WHAT NEEDS TO BE DONE
Among the records, find the lines that hold the string "lambda" and return them.

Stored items
--- START ---

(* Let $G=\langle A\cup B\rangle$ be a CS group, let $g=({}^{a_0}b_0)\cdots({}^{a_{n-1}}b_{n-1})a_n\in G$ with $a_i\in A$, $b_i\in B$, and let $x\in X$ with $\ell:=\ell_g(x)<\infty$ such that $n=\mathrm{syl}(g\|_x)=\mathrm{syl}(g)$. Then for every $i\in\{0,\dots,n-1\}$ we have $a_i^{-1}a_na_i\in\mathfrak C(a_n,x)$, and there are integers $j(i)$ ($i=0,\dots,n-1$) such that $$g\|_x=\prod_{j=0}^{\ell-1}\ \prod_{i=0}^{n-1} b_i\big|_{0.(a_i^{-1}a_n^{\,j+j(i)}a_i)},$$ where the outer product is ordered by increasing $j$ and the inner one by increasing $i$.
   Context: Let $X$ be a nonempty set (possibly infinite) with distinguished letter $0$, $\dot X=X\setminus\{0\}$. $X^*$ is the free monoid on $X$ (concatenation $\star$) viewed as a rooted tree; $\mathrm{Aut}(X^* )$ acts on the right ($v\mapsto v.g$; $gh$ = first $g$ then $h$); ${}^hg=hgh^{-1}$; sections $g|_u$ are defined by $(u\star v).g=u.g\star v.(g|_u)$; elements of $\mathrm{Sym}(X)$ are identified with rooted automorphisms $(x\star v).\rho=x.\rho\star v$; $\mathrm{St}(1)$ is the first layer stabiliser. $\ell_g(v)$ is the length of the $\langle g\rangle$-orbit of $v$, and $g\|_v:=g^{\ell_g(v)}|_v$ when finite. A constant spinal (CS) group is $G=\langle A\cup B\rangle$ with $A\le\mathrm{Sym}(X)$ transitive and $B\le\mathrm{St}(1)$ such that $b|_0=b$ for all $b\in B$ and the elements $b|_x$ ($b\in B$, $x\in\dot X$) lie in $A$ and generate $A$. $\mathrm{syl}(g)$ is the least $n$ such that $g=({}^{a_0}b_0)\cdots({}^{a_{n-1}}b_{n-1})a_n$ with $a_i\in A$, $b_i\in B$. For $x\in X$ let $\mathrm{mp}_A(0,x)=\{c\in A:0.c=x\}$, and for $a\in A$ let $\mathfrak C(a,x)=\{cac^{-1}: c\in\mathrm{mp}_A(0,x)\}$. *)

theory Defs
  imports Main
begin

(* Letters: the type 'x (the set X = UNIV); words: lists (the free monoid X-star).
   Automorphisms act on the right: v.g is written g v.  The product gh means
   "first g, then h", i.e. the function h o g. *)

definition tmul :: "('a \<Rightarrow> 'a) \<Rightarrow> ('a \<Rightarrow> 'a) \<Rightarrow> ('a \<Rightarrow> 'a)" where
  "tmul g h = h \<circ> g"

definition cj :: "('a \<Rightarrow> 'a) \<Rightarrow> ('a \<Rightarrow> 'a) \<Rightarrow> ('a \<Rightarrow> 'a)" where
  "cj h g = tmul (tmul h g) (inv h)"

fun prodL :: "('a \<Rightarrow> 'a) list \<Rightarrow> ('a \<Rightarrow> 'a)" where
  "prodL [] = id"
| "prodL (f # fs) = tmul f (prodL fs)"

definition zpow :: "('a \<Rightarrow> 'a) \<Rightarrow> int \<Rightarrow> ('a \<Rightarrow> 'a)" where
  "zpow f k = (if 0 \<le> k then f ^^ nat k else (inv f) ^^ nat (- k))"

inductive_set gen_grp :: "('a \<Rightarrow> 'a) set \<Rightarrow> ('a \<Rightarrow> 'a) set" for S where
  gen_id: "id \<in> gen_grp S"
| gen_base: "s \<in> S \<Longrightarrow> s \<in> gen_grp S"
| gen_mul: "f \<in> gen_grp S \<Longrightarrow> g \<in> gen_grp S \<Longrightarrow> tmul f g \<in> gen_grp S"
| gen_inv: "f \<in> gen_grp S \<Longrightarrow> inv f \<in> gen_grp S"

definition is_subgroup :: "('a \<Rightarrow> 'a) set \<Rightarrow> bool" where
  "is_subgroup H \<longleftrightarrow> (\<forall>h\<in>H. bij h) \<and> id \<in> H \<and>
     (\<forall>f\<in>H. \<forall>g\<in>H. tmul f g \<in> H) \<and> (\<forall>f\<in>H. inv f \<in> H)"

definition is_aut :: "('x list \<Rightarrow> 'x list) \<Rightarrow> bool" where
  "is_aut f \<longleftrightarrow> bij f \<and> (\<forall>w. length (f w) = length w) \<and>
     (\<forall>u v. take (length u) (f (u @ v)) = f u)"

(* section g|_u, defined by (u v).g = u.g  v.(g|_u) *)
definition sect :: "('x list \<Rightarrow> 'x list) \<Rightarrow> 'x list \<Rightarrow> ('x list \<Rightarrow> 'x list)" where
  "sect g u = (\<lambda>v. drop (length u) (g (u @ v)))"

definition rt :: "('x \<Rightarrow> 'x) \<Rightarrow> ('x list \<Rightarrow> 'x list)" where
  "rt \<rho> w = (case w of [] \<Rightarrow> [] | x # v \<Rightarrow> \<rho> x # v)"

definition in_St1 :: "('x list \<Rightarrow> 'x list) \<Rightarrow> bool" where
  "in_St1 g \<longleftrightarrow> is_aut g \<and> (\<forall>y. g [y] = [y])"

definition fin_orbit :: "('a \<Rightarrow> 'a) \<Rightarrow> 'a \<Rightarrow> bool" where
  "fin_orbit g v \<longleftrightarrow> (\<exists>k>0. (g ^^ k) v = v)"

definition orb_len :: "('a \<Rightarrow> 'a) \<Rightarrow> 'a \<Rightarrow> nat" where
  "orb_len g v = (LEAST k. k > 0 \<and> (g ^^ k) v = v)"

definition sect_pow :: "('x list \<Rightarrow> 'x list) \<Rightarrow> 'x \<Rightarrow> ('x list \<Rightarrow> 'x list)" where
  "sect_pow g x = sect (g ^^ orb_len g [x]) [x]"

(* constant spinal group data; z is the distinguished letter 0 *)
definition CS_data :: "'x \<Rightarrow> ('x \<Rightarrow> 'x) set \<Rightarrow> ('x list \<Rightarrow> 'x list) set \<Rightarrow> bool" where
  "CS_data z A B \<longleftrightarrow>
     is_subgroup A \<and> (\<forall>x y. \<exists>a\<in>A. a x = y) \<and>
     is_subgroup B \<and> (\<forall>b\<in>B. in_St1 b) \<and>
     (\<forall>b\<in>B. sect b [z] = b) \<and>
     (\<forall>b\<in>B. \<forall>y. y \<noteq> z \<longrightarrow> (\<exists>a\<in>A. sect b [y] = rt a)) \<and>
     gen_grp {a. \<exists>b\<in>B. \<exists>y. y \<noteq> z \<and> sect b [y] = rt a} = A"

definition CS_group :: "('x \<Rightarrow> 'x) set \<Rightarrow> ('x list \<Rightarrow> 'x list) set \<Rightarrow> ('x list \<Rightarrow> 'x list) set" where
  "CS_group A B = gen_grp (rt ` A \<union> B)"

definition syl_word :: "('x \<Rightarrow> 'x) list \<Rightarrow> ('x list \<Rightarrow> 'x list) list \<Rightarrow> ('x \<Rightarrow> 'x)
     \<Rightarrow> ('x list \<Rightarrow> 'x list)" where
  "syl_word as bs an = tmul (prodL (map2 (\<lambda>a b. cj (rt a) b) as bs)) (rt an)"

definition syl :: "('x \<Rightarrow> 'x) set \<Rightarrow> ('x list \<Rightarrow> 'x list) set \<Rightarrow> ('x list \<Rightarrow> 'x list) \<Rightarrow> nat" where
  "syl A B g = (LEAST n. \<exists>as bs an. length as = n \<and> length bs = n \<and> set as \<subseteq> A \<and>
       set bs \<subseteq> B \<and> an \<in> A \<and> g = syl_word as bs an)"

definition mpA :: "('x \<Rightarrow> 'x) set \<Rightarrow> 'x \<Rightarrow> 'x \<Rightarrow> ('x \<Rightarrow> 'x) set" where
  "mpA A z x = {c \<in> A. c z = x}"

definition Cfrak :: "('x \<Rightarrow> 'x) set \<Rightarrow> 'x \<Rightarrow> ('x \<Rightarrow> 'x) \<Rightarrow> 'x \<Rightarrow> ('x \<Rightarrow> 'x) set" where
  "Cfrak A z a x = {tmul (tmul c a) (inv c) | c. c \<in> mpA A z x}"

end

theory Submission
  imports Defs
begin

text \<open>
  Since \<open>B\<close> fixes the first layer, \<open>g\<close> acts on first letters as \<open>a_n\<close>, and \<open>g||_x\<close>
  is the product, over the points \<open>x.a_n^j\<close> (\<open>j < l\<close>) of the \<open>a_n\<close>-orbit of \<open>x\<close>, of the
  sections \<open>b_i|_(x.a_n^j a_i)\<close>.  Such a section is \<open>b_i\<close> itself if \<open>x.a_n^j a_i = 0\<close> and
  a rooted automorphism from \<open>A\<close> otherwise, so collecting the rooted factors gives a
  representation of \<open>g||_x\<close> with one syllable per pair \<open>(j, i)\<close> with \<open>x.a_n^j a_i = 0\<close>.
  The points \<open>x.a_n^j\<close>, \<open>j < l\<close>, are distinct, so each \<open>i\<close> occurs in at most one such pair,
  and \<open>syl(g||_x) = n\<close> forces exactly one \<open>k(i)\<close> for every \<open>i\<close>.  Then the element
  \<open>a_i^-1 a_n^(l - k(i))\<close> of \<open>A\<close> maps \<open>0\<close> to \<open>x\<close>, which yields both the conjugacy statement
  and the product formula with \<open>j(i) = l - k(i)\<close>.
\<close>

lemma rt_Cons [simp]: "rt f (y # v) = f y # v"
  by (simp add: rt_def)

--- END ---

RESPONSE FOR THIS EXERCISE
  "sect g u = (\<lambda>v. drop (length u) (g (u @ v)))"
  "syl_word as bs an = tmul (prodL (map2 (\<lambda>a b. cj (rt a) b) as bs)) (rt an)"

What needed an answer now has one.